|Ph.D Student||Eyal Masad|
|Subject||Skew Products of Topological Flows and Applications to|
|Department||Department of Mathematics||Supervisor||Professor Emeritus Reich Simeon|
|Full Thesis text|
In the thesis we present various applications of topological skew products in linear and nonlinear analysis. We use a topological flow as a means of selecting nonlinear operators from a compact set of operators mapping a Banach space into itself. This method yields sequences (or paths) of operators with special topological properties. We are specifically interested in the limits (and partial limits) of the products of these sequences, which enable us to solve some well known optimization problems.
Products of operators have long been used for solving optimization problems. Many real-world problems are solved using this method. However, most of these algorithms are confined to problems with finitely many constraints. The new approach which is presented in this thesis enables us to solve problems with infinitely many constraints. It also gives us a new way of constructing the algorithms.

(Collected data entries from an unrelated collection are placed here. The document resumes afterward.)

(* Let $(M,g,J)$ be almost Hermitian of even complex dimension $m=2n\ge2$ with complex spinor bundle $S^cM$ of a spin$^c$ structure. Then the endomorphism $$-\mathbf{i}\gamma(\Omega)+(m+2)(m-1)\pi_{n-1}+m(m+1)\pi_n+(m+1)^2\mathrm{pr}_{\mathcal{V}^\perp}-(m+4)\beta_1^2\pi_{n-2}-(m+2)\beta_2^2\pi_{n+1}-m(m+1)\mathrm{Id}$$ is non-negative definite on $S^cM$.
   Context: $\Omega=g(\cdot,J\cdot)$; $\gamma$ is Clifford multiplication; $S^cM=S_0\oplus\cdots\oplus S_m$ with $S_j$ the eigenbundle of $\gamma(\Omega)$ for eigenvalue $\mathbf{i}(m-2j)$, orthogonal projections $\pi_j$ ($\pi_j=0$ if $j\notin\{0,\dots,m\}$). $\mathcal{V}=S_{n-1}\oplus S_n$, $\mathrm{pr}_{\mathcal{V}^\perp}$ the orthogonal projection onto the complement of $\mathcal{V}$. $\beta_1=m+1-(m+2)\sqrt{\frac{m-1}{m+1}}$, $\beta_2=m+1-m\sqrt{\frac{m+1}{m-1}}$. *)

theory Defs
  imports "HOL-Analysis.Analysis" "Jordan_Normal_Form.Schur_Decomposition" "Jordan_Normal_Form.Char_Poly"
begin

text \<open>Fibrewise linear algebra of the spinor bundle: a fibre is modelled as
  complex column vectors of length N, endomorphisms as N x N complex matrices,
  the Hermitian product as  v \<bullet>c w  (linear in v, antilinear in w).\<close>

definition beta1 :: "nat \<Rightarrow> real" where
  "beta1 m = real m + 1 - (real m + 2) * sqrt ((real m - 1) / (real m + 1))"

definition beta2 :: "nat \<Rightarrow> real" where
  "beta2 m = real m + 1 - real m * sqrt ((real m + 1) / (real m - 1))"

definition eigsp :: "complex mat \<Rightarrow> complex \<Rightarrow> complex vec set" where
  "eigsp G c = {v \<in> carrier_vec (dim_row G). G *\<^sub>v v = c \<cdot>\<^sub>v v}"

definition is_orth_proj :: "nat \<Rightarrow> complex mat \<Rightarrow> complex vec set \<Rightarrow> bool" where
  "is_orth_proj N P W \<longleftrightarrow> P \<in> carrier_mat N N \<and> P * P = P \<and> mat_adjoint P = P
     \<and> (\<lambda>w. P *\<^sub>v w) ` carrier_vec N = W"

definition orth_compl :: "nat \<Rightarrow> complex vec set \<Rightarrow> complex vec set" where
  "orth_compl N W = {v \<in> carrier_vec N. \<forall>w\<in>W. v \<bullet>c w = 0}"

end

theory Submission
  imports Defs
begin

(* Since G is skew-adjoint, eigenvectors of G for different eigenvalues are orthogonal, so each
   P j commutes with G and the P j are mutually orthogonal; hence L = sum_j P j is an idempotent
   commuting with G that fixes every eigenvector.  Such an L is the identity: in a Schur
   triangularisation G S = S B, the first nonzero column of (1 - L) S would be an eigenvector
   of G annihilated by L.  Every summand of T acts on the eigenspace S_j by a real scalar t_j,
   so T = sum_j t_j P j and <T psi, psi> = sum_j t_j |P j psi|^2.  Finally t_(n-1) = t_n = 0,
   t_(n-2) = m + 5 - (m + 4) beta1^2, t_(n+1) = m - 1 - (m + 2) beta2^2 and t_j = 2m + 1 - 2j
   otherwise, all non-negative because beta1^2 <= 1 and 4 beta2^2 <= 1 for m >= 2. *)

lemma smult_mat_mult_vec:
  fixes A :: "'a::comm_ring mat"
  assumes "A \<in> carrier_mat nr nc" "v \<in> carrier_vec nc"
  shows "(k \<cdot>\<^sub>m A) *\<^sub>v v = k \<cdot>\<^sub>v (A *\<^sub>v v)"
  using assms by (intro eq_vecI) (auto simp: scalar_prod_def sum_distrib_left mult.assoc)

lemma eq_matI_mult_vec:
  fixes A B :: "'a::semiring_1 mat"
  assumes "A \<in> carrier_mat nr nc" "B \<in> carrier_mat nr nc"
    and "\<And>v. v \<in> carrier_vec nc \<Longrightarrow> A *\<^sub>v v = B *\<^sub>v v"
  shows "A = B"
proof (rule eq_matI)
  fix i j assume i: "i < dim_row B" and j: "j < dim_col B"
  have "(A *\<^sub>v unit_vec nc j) $ i = (B *\<^sub>v unit_vec nc j) $ i"
    using assms(3)[of "unit_vec nc j"] by simp
  then show "A $$ (i, j) = B $$ (i, j)" using assms(1,2) i j by simp
qed (use assms in auto)

lemma eq_mat_if_minus_eq_zero:
  fixes A B :: "'a::ab_group_add mat"
  assumes "A \<in> carrier_mat nr nc" "B \<in> carrier_mat nr nc" "A - B = 0\<^sub>m nr nc"
  shows "A = B"
proof (rule eq_matI)
  fix i j assume "i < dim_row B" "j < dim_col B"
  then have "A $$ (i, j) - B $$ (i, j) = (A - B) $$ (i, j)" by simp
  then show "A $$ (i, j) = B $$ (i, j)" using assms \<open>i < dim_row B\<close> \<open>j < dim_col B\<close> by simp
qed (use assms in auto)

lemma eq_vecI_conj_sprod:
  fixes x y :: "complex vec"
  assumes x: "x \<in> carrier_vec N" and y: "y \<in> carrier_vec N"
    and xy: "\<And>w. w \<in> carrier_vec N \<Longrightarrow> x \<bullet>c w = y \<bullet>c w"
  shows "x = y"
proof -
  have "(x - y) \<bullet>c (x - y) = x \<bullet>c (x - y) - y \<bullet>c (x - y)"
    using x y by (simp add: minus_scalar_prod_distrib)
  also have "\<dots> = 0" using xy[of "x - y"] x y by simp
  finally have "x - y = 0\<^sub>v N"
    using conjugate_square_eq_0_vec[of "x - y" N] x y by simp
  then have "\<And>i. i < N \<Longrightarrow> x $ i = y $ i"
    using x y by (metis carrier_vecD index_minus_vec(1) index_zero_vec(1) right_minus_eq)
  then show ?thesis using x y by (intro eq_vecI) auto
qed

lemma conj_sprod_eq_0_commute:
  fixes v w :: "complex vec"
  assumes "v \<in> carrier_vec N" "w \<in> carrier_vec N" "v \<bullet>c w = 0"
  shows "w \<bullet>c v = 0"
  using assms conjugate_conjugate_sprod[of v N w] conjugate_vec_sprod_comm[of w N v] by simp

lemma mat_adjoint_carrier [simp]: "A \<in> carrier_mat N N \<Longrightarrow> mat_adjoint A \<in> carrier_mat N N"
  unfolding mat_adjoint_def by (auto simp: mat_of_rows_def)

lemma mat_adjoint_index:
  fixes A :: "complex mat"
  assumes "A \<in> carrier_mat N N" "i < N" "j < N"
  shows "mat_adjoint A $$ (i, j) = cnj (A $$ (j, i))"
  using assms unfolding mat_adjoint_def by (auto simp: mat_of_rows_def)

lemma mat_adjoint_conj_sprod:
  fixes A :: "complex mat"
  assumes A: "A \<in> carrier_mat N N" and v: "v \<in> carrier_vec N" and w: "w \<in> carrier_vec N"
  shows "(A *\<^sub>v v) \<bullet>c w = v \<bullet>c (mat_adjoint A *\<^sub>v w)"
proof -
  have "(A *\<^sub>v v) \<bullet>c w = (\<Sum>i<N. \<Sum>k<N. A $$ (i, k) * v $ k * cnj (w $ i))"
    using A v w by (simp add: scalar_prod_def row_def lessThan_atLeast0 sum_distrib_right)
  also have "\<dots> = (\<Sum>k<N. \<Sum>i<N. A $$ (i, k) * v $ k * cnj (w $ i))"
    by (rule sum.swap)
  also have "\<dots> = (\<Sum>k<N. v $ k * cnj (\<Sum>i<N. mat_adjoint A $$ (k, i) * w $ i))"
    using A by (auto simp: mat_adjoint_index sum_distrib_left mult_ac intro!: sum.cong)
  also have "\<dots> = v \<bullet>c (mat_adjoint A *\<^sub>v w)"
    using mat_adjoint_carrier[OF A] v w
    by (simp add: scalar_prod_def row_def lessThan_atLeast0)
  finally show ?thesis .
qed

lemma conj_sprod_uminus_smult_imag:
  fixes x y :: "complex vec"
  assumes "x \<in> carrier_vec N" "y \<in> carrier_vec N" "cnj c = - c"
  shows "x \<bullet>c (- (c \<cdot>\<^sub>v y)) = c * (x \<bullet>c y)"
proof -
  have "- (c \<cdot>\<^sub>v y) = (- c) \<cdot>\<^sub>v y" by auto
  then show ?thesis using assms by (simp add: conjugate_smult_vec)
qed

lemma is_orth_proj_carrier: "is_orth_proj N P W \<Longrightarrow> P \<in> carrier_mat N N"
  unfolding is_orth_proj_def by auto

lemma is_orth_proj_range: "is_orth_proj N P W \<Longrightarrow> v \<in> carrier_vec N \<Longrightarrow> P *\<^sub>v v \<in> W"
  unfolding is_orth_proj_def by auto

lemma is_orth_proj_fixes:
  fixes P :: "complex mat"
  assumes "is_orth_proj N P W" and "u \<in> W"
  shows "P *\<^sub>v u = u"
proof -
  from assms obtain w where w: "w \<in> carrier_vec N" and u: "u = P *\<^sub>v w"
    and PN: "P \<in> carrier_mat N N" and PP: "P * P = P"
    unfolding is_orth_proj_def by auto
  have "P *\<^sub>v u = (P * P) *\<^sub>v w" using PN w u by simp
  then show ?thesis using PP u by simp
qed

lemma is_orth_proj_conj_sprod_self:
  fixes P :: "complex mat"
  assumes P: "is_orth_proj N P W" and v: "v \<in> carrier_vec N"
  shows "(P *\<^sub>v v) \<bullet>c v = (P *\<^sub>v v) \<bullet>c (P *\<^sub>v v)"
proof -
  have PN: "P \<in> carrier_mat N N" and "mat_adjoint P = P"
    using P unfolding is_orth_proj_def by auto
  then have "(P *\<^sub>v (P *\<^sub>v v)) \<bullet>c v = (P *\<^sub>v v) \<bullet>c (P *\<^sub>v v)"
    using mat_adjoint_conj_sprod[OF PN _ v, of "P *\<^sub>v v"] v by simp
  then show ?thesis using is_orth_proj_fixes[OF P is_orth_proj_range[OF P v]] by simp
qed

lemma is_orth_proj_orth_compl:
  fixes P :: "complex mat"
  assumes P: "is_orth_proj N P W" and v: "v \<in> orth_compl N W"
  shows "P *\<^sub>v v = 0\<^sub>v N"
proof -
  have vN: "v \<in> carrier_vec N" using v unfolding orth_compl_def by simp
  have PvN: "P *\<^sub>v v \<in> carrier_vec N" using is_orth_proj_carrier[OF P] vN by simp
  have "v \<bullet>c (P *\<^sub>v v) = 0" using v is_orth_proj_range[OF P vN] unfolding orth_compl_def by simp
  then have "(P *\<^sub>v v) \<bullet>c (P *\<^sub>v v) = 0"
    using is_orth_proj_conj_sprod_self[OF P vN] conj_sprod_eq_0_commute[OF vN PvN] by simp
  then show ?thesis using PvN by simp
qed

lemma subset_orth_compl_orth_compl:
  fixes V :: "complex vec set"
  assumes "V \<subseteq> carrier_vec N"
  shows "V \<subseteq> orth_compl N (orth_compl N V)"
  using assms conj_sprod_eq_0_commute unfolding orth_compl_def by blast

section \<open>Eigenspaces of a skew-adjoint matrix\<close>

lemma eigsp_carrier: "G \<in> carrier_mat N N \<Longrightarrow> eigsp G c \<subseteq> carrier_vec N"
  unfolding eigsp_def by auto

lemma zero_in_eigsp: "G \<in> carrier_mat N N \<Longrightarrow> 0\<^sub>v N \<in> eigsp (G :: complex mat) c"
  unfolding eigsp_def by auto

lemma skew_adjoint_eigsp_orth:
  fixes G :: "complex mat"
  assumes G: "G \<in> carrier_mat N N" and skew: "mat_adjoint G = - G"
    and "a \<noteq> b" and "cnj b = - b"
  shows "eigsp G a \<subseteq> orth_compl N (eigsp G b)"
proof (unfold orth_compl_def, intro subsetI CollectI conjI ballI)
  fix x assume "x \<in> eigsp G a"
  then show "x \<in> carrier_vec N" using eigsp_carrier[OF G] by blast
next
  fix x y assume x: "x \<in> eigsp G a" and y: "y \<in> eigsp G b"
  have xN: "x \<in> carrier_vec N" and Gx: "G *\<^sub>v x = a \<cdot>\<^sub>v x"
    and yN: "y \<in> carrier_vec N" and Gy: "G *\<^sub>v y = b \<cdot>\<^sub>v y"
    using x y G unfolding eigsp_def by auto
  have "a * (x \<bullet>c y) = (G *\<^sub>v x) \<bullet>c y" using Gx xN yN by simp
  also have "\<dots> = x \<bullet>c (- (G *\<^sub>v y))"
    using mat_adjoint_conj_sprod[OF G xN yN] skew uminus_mult_mat_vec[of y G] G yN by simp
  also have "\<dots> = b * (x \<bullet>c y)"
    using conj_sprod_uminus_smult_imag[OF xN yN \<open>cnj b = - b\<close>] Gy by simp
  finally show "x \<bullet>c y = 0" using \<open>a \<noteq> b\<close> by simp
qed

lemma orth_proj_eigsp_mult_eigvec:
  fixes G P :: "complex mat"
  assumes G: "G \<in> carrier_mat N N" and skew: "mat_adjoint G = - G" and "cnj a = - a"
    and P: "is_orth_proj N P (eigsp G a)" and u: "u \<in> eigsp G b"
  shows "P *\<^sub>v u = (if a = b then u else 0\<^sub>v N)"
proof (cases "a = b")
  case False
  then have "u \<in> orth_compl N (eigsp G a)"
    using skew_adjoint_eigsp_orth[OF G skew _ \<open>cnj a = - a\<close>, of b] u by auto
  then show ?thesis using is_orth_proj_orth_compl[OF P] False by simp
qed (use is_orth_proj_fixes[OF P] u in simp)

First we look at a problem which occupied many mathematicians - generalizing von Neumann's alternating projections theorem. The theorem was originally formulated and proved for two subspaces of a Hilbert space. Later it was generalized to the case of finitely many subspaces W1,…,Wn, but not for infinitely many subspaces.
Through the use of skew-products we define almost periodic sequences of projections. We then prove some convergence results for infinite sets of subspaces. We also look at sequences of other types of operators in Hilbert and Banach spaces.
Next we examine the Perceptron model which is at the heart of machine learning algorithms. We prove that through the use of almost periodic sequences, perceptrons can find the linear separator of bounded (linearly separable) sets in infinite dimensional Hilbert spaces.
We continue with a generalization of an algorithm by Y. Censor, T. Elfving, N. Kopf and T. Bortfeld, which solves a convex feasibility problem called MSCFP. Our generalization shows that the algorithm which was designed for finite dimensional spaces solves the same problem in infinite dimensional spaces as well.
In the last chapter we define a special class of skew products of an R+-semi-flow and the semigroup of nonexpansive mappings on a Banach space. These skew-products describe the solutions of a differential inclusion induced by a path of accretive operators selected by the skew product. In particular we show how these skew products can be used to find a common minimal point of an infinite set of convex functionals.